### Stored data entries
· · · · ·

(* Let $D\subseteq\mathbb{R}^3\setminus\{0\}$ be open, $\Omega=\mathbb{R}^3\times D$, and let $\vec\mu(\vec M,\vec\gamma)=\vec\nu(\vec\gamma,\vec M\cdot\vec\gamma)$ with $\vec\nu:D\times\mathbb{R}\to\mathbb{R}^3$ smooth. A smooth function $C:\Omega\to\mathbb{R}$ satisfies $\Pi_{\vec\mu}\nabla C=0$ on $\Omega$ (i.e. $C$ is a Casimir function of $\Pi_{\vec\mu}$) if and only if there is a smooth $F:D\times\mathbb{R}\to\mathbb{R}$ with $C(\vec M,\vec\gamma)=F(\vec\gamma,\vec M\cdot\vec\gamma)$ and $$\vec\gamma\times\big((\partial_sF)(\vec\gamma,s)\,\vec\nu(\vec\gamma,s)-\nabla_{\vec\gamma}F(\vec\gamma,s)\big)=\vec 0\quad\text{for all }(\vec\gamma,s)\in D\times\mathbb{R},$$ where $\nabla_{\vec\gamma}F$ is the gradient in $\vec\gamma$ with $s$ held fixed. In particular $C_1=\tfrac12|\vec\gamma|^2$ is always a Casimir function of $\Pi_{\vec\mu}$.
   Context: Coordinates on $\mathbb{R}^6$ are $(\vec M,\vec\gamma)=(M_1,M_2,M_3,\gamma_1,\gamma_2,\gamma_3)$. For a smooth $\vec\mu=(\mu_1,\mu_2,\mu_3)$ of $(\vec M,\vec\gamma)$, $\Pi_{\vec\mu}$ is the skew-symmetric $6\times6$ matrix $$\Pi_{\vec\mu}=\begin{bmatrix}0&-M_3-\mu_3&M_2+\mu_2&0&-\gamma_3&\gamma_2\\ M_3+\mu_3&0&-M_1-\mu_1&\gamma_3&0&-\gamma_1\\ -M_2-\mu_2&M_1+\mu_1&0&-\gamma_2&\gamma_1&0\\ 0&-\gamma_3&\gamma_2&0&0&0\\ \gamma_3&0&-\gamma_1&0&0&0\\ -\gamma_2&\gamma_1&0&0&0&0\end{bmatrix},$$ and $\{f,g\}_{\vec\mu}=(\nabla f)^T\Pi_{\vec\mu}\nabla g$ for smooth $f,g$ (gradient in all six variables). *)

theory Defs
  imports "HOL-Analysis.Analysis"
begin

fun Ck_on :: "nat \<Rightarrow> 'a::real_normed_vector set \<Rightarrow> ('a \<Rightarrow> 'b::real_normed_vector) \<Rightarrow> bool" where
  "Ck_on 0 S f = continuous_on S f"
| "Ck_on (Suc k) S f =
     (\<exists>f'. (\<forall>x\<in>S. (f has_derivative f' x) (at x)) \<and> (\<forall>v. Ck_on k S (\<lambda>x. f' x v)))"

definition smooth_on :: "'a::real_normed_vector set \<Rightarrow> ('a \<Rightarrow> 'b::real_normed_vector) \<Rightarrow> bool" where
  "smooth_on S f \<longleftrightarrow> (\<forall>k. Ck_on k S f)"

text \<open>Points of R^6 are pairs (M, gamma) of vectors in R^3; coordinates indexed 0..5 are
  M1, M2, M3, gamma1, gamma2, gamma3.\<close>
definition coord6 :: "nat \<Rightarrow> (real^3) \<times> (real^3)" where
  "coord6 i = [(axis 1 1, 0), (axis 2 1, 0), (axis 3 1, 0),
               (0, axis 1 1), (0, axis 2 1), (0, axis 3 1)] ! i"

definition grad6 :: "((real^3) \<times> (real^3) \<Rightarrow> real) \<Rightarrow> (real^3) \<times> (real^3) \<Rightarrow> nat \<Rightarrow> real" where
  "grad6 C p i = frechet_derivative C (at p) (coord6 i)"

definition Pi_mat :: "real^3 \<Rightarrow> (real^3) \<times> (real^3) \<Rightarrow> nat \<Rightarrow> nat \<Rightarrow> real" where
  "Pi_mat mu p i j = (case p of (M, g) \<Rightarrow>
     [[0, -(M$3) - mu$3, M$2 + mu$2, 0, -(g$3), g$2],
      [M$3 + mu$3, 0, -(M$1) - mu$1, g$3, 0, -(g$1)],
      [-(M$2) - mu$2, M$1 + mu$1, 0, -(g$2), g$1, 0],
      [0, -(g$3), g$2, 0, 0, 0],
      [g$3, 0, -(g$1), 0, 0, 0],
      [-(g$2), g$1, 0, 0, 0, 0]] ! i ! j)"

definition mu_of :: "((real^3) \<times> real \<Rightarrow> real^3) \<Rightarrow> (real^3) \<times> (real^3) \<Rightarrow> real^3" where
  "mu_of \<nu> p = (case p of (M, g) \<Rightarrow> \<nu> (g, M \<bullet> g))"

definition is_casimir :: "((real^3) \<times> real \<Rightarrow> real^3) \<Rightarrow> (real^3) set \<Rightarrow> ((real^3) \<times> (real^3) \<Rightarrow> real) \<Rightarrow> bool" where
  "is_casimir \<nu> D C \<longleftrightarrow>
     (\<forall>p \<in> UNIV \<times> D. \<forall>i<6. (\<Sum>j<6. Pi_mat (mu_of \<nu> p) p i j * grad6 C p j) = 0)"

definition d_s :: "((real^3) \<times> real \<Rightarrow> real) \<Rightarrow> (real^3) \<times> real \<Rightarrow> real" where
  "d_s F q = frechet_derivative F (at q) (0, 1)"

definition grad_gamma :: "((real^3) \<times> real \<Rightarrow> real) \<Rightarrow> (real^3) \<times> real \<Rightarrow> real^3" where
  "grad_gamma F q = (\<chi> k. frechet_derivative F (at q) (axis k 1, 0))"

end

theory Submission
  imports Defs
begin

(* Writing the gradient of C as the pair of partial gradients a = grad_M C, b = grad_g C,
   the matrix Pi_mu acts by  Pi_mu (a, b) = ((M + mu) x a + gamma x b,  gamma x a),
   so C is a Casimir iff  gamma x a = 0  and  (M + mu) x a + gamma x b = 0  (Pi_mat_kernel_iff).

   Necessity of the form F(gamma, M . gamma): the condition gamma x a = 0 with gamma <> 0 says that
   the derivative of C vanishes in every M-direction w orthogonal to gamma, so C is constant on the
   affine planes {M . gamma = s} and equals the smooth function  reduced C  evaluated at
   (gamma, M . gamma).

   The cross-product condition: if C(M, gamma) = F(gamma, M . gamma) then by the chain rule
   a = F_s gamma and b = grad_gamma F + F_s M; then gamma x a = 0 holds automatically and the
   remaining condition collapses to  gamma x (F_s nu - grad_gamma F) = 0  (casimir_iff_reduced). *)


section \<open>Calculus of $C^k$ functions\<close>

lemma Ck_cong:
  assumes "open S" and "\<And>x. x \<in> S \<Longrightarrow> f x = g x" and "Ck_on k S f"
  shows "Ck_on k S g"
proof (cases k)
  case 0
  then show ?thesis using assms continuous_on_cong by force
next
  case (Suc n)
  then obtain f' where f': "\<forall>x\<in>S. (f has_derivative f' x) (at x)" "\<forall>v. Ck_on n S (\<lambda>x. f' x v)"
    using assms(3) by auto
  have "\<forall>x\<in>S. (g has_derivative f' x) (at x)"
    using f'(1) assms(1,2) by (blast intro: has_derivative_transform_within_open)
  then show ?thesis using f'(2) Suc by auto
qed

lemma Ck_Suc_imp_Ck: "Ck_on (Suc k) S f \<Longrightarrow> Ck_on k S f"
proof (induction k arbitrary: f)
  case 0
  then obtain f' where "\<forall>x\<in>S. (f has_derivative f' x) (at x)" by auto
  then show ?case
    by (auto intro!: continuous_at_imp_continuous_on dest: has_derivative_continuous)
next
  case (Suc k)
  then show ?case by auto
qed

lemma smooth_on_imp_differentiable:
  assumes "smooth_on S f" and "x \<in> S"
  shows "f differentiable (at x)"
proof -
  have "Ck_on (Suc 0) S f" using assms(1) unfolding smooth_on_def by blast
  then obtain f' where "\<forall>x\<in>S. (f has_derivative f' x) (at x)" by auto
  then show ?thesis using assms(2) differentiable_def by blast
qed

lemma Ck_const: "Ck_on k S (\<lambda>x. c)"
proof (induction k arbitrary: c)
  case 0
  then show ?case by simp
next
  case (Suc k)
  have "\<forall>x\<in>S. ((\<lambda>x. c) has_derivative (\<lambda>h. 0)) (at x)" by simp
  then show ?case using Suc.IH by (auto intro!: exI[of _ "\<lambda>x h. 0"])
qed

lemma Ck_linear:
  assumes "bounded_linear L"
  shows "Ck_on k S L"
proof (cases k)
  case 0
  then show ?thesis using assms by (simp add: linear_continuous_on)
next
  case (Suc n)
  have "\<forall>x\<in>S. (L has_derivative L) (at x)"
    using assms bounded_linear_imp_has_derivative by auto
  then show ?thesis using Suc Ck_const by (auto intro!: exI[of _ "\<lambda>x. L"])
qed

lemma Ck_compose_linear:
  assumes "bounded_linear L" and "Ck_on k S f"
  shows "Ck_on k S (\<lambda>x. L (f x))"
  using assms(2)
proof (induction k arbitrary: f)
  case 0
  then show ?case by (auto intro: continuous_on_compose2[OF linear_continuous_on[OF assms(1)]])
next
  case (Suc k)
  then obtain f' where f': "\<forall>x\<in>S. (f has_derivative f' x) (at x)" "\<forall>v. Ck_on k S (\<lambda>x. f' x v)"
    by auto
  have "\<forall>x\<in>S. ((\<lambda>x. L (f x)) has_derivative (\<lambda>h. L (f' x h))) (at x)"
    using f'(1) assms(1) bounded_linear.has_derivative by blast
  then show ?case using Suc.IH f'(2) by auto
qed

lemma Ck_add:
  assumes "Ck_on k S f" and "Ck_on k S g"
  shows "Ck_on k S (\<lambda>x. f x + g x)"
  using assms
proof (induction k arbitrary: f g)
  case 0
  then show ?case by (auto intro: continuous_on_add)
next
  case (Suc k)
  then obtain f' g' where f': "\<forall>x\<in>S. (f has_derivative f' x) (at x)" "\<forall>v. Ck_on k S (\<lambda>x. f' x v)"
    and g': "\<forall>x\<in>S. (g has_derivative g' x) (at x)" "\<forall>v. Ck_on k S (\<lambda>x. g' x v)"
    by auto
  have "\<forall>x\<in>S. ((\<lambda>x. f x + g x) has_derivative (\<lambda>h. f' x h + g' x h)) (at x)"
    using f'(1) g'(1) has_derivative_add by blast
  then show ?case using Suc.IH f'(2) g'(2) by auto
qed

lemma Ck_sum:
  assumes "finite I" and "\<And>i. i \<in> I \<Longrightarrow> Ck_on k S (f i)"
  shows "Ck_on k S (\<lambda>x. \<Sum>i\<in>I. f i x)"
  using assms by (induction I rule: finite_induct) (auto intro: Ck_add Ck_const)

· · · · ·

### Exercise
Write out exactly the lines from the line holding "then show ?case using Suc.IH f'(2) by auto" through the last line of the data, and nothing besides those lines.

### Solution for this problem
  then show ?case using Suc.IH f'(2) by auto
qed

lemma Ck_add:
  assumes "Ck_on k S f" and "Ck_on k S g"
  shows "Ck_on k S (\<lambda>x. f x + g x)"
  using assms
proof (induction k arbitrary: f g)
  case 0
  then show ?case by (auto intro: continuous_on_add)
next
  case (Suc k)
  then obtain f' g' where f': "\<forall>x\<in>S. (f has_derivative f' x) (at x)" "\<forall>v. Ck_on k S (\<lambda>x. f' x v)"
    and g': "\<forall>x\<in>S. (g has_derivative g' x) (at x)" "\<forall>v. Ck_on k S (\<lambda>x. g' x v)"
    by auto
  have "\<forall>x\<in>S. ((\<lambda>x. f x + g x) has_derivative (\<lambda>h. f' x h + g' x h)) (at x)"
    using f'(1) g'(1) has_derivative_add by blast
  then show ?case using Suc.IH f'(2) g'(2) by auto
qed

lemma Ck_sum:
  assumes "finite I" and "\<And>i. i \<in> I \<Longrightarrow> Ck_on k S (f i)"
  shows "Ck_on k S (\<lambda>x. \<Sum>i\<in>I. f i x)"
  using assms by (induction I rule: finite_induct) (auto intro: Ck_add Ck_const)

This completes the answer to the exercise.